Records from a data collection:
>>>

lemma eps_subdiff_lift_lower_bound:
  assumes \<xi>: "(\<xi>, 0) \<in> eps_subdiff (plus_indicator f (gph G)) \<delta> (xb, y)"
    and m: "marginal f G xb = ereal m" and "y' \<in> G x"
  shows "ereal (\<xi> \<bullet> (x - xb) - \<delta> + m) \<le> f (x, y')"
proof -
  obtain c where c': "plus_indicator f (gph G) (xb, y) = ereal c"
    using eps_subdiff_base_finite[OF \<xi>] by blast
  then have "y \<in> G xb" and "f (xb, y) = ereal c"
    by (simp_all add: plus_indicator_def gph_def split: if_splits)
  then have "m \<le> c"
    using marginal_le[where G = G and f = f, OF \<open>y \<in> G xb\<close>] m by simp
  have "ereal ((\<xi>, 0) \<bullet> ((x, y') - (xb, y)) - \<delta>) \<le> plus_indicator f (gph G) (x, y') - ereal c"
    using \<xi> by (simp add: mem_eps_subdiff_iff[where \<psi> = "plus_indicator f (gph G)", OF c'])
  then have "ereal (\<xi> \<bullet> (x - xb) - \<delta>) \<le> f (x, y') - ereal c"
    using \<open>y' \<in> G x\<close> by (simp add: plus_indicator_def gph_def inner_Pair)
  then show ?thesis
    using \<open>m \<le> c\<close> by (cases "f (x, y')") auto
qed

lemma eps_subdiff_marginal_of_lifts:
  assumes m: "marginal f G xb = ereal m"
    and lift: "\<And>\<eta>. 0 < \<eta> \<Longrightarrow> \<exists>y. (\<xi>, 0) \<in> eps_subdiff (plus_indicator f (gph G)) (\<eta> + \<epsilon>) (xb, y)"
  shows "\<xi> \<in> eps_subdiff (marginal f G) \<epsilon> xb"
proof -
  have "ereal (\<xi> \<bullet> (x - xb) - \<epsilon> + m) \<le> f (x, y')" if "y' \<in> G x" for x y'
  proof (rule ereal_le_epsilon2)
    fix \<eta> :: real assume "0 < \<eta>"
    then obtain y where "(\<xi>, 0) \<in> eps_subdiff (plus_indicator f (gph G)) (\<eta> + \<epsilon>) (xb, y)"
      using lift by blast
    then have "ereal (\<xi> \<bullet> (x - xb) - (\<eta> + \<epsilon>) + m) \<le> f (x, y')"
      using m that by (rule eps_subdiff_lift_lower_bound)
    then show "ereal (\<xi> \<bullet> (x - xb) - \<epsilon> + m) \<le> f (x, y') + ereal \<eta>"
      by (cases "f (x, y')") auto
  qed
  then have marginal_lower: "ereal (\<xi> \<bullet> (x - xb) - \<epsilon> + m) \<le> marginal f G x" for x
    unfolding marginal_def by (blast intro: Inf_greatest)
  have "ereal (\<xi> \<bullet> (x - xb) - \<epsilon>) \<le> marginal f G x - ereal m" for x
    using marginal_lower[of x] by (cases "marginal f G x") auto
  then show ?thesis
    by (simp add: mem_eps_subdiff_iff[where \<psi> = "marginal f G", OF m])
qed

<<<
>>>

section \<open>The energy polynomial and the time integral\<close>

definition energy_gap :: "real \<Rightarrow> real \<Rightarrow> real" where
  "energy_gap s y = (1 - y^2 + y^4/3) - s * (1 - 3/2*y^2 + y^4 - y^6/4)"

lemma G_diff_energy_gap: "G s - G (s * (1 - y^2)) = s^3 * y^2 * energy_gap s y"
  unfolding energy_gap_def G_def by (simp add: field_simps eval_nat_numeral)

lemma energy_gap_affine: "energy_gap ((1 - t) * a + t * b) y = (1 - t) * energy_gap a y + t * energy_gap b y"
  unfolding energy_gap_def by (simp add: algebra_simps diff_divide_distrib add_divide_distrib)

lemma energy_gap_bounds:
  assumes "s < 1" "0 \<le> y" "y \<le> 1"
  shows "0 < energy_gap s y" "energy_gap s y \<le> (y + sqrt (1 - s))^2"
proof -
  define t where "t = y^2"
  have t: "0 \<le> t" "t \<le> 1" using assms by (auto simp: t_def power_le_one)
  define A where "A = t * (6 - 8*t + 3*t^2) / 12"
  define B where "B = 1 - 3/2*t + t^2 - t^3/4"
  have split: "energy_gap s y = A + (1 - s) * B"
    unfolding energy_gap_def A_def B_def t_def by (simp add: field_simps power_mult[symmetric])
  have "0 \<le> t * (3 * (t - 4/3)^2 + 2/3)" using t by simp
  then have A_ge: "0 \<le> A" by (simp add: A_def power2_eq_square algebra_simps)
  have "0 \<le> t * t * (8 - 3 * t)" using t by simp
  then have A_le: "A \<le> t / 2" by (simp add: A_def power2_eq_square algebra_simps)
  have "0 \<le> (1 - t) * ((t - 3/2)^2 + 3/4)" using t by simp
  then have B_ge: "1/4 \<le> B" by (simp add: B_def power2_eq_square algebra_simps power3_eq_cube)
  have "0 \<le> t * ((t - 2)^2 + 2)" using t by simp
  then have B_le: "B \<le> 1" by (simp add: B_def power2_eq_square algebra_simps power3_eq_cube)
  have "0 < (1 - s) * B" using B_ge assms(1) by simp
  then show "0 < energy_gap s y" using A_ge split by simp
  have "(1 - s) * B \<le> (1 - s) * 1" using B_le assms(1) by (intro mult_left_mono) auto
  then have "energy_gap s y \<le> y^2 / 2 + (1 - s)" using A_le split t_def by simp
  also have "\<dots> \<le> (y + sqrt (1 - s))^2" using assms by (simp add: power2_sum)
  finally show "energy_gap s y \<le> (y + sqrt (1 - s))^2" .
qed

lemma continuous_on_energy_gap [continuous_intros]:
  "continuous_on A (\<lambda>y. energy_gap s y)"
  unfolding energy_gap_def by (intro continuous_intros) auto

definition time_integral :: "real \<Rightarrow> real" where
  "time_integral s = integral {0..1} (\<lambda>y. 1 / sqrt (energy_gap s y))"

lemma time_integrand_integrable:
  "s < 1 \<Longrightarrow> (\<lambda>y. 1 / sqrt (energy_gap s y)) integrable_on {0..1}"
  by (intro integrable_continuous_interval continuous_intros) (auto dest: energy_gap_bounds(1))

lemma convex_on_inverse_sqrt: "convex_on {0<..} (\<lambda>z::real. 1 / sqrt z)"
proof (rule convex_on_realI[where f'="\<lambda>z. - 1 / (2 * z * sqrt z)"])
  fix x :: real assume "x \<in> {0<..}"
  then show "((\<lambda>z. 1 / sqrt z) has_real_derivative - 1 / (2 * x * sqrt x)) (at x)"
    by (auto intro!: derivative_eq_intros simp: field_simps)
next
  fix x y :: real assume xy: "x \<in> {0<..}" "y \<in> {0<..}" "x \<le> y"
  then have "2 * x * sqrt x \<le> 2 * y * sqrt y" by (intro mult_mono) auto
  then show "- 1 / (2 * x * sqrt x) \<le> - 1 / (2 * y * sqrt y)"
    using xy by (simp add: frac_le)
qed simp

<<<

**Task objective:**
Scan the entries for the string "blast" and report only how many lines contain it.

**Finished task:**
3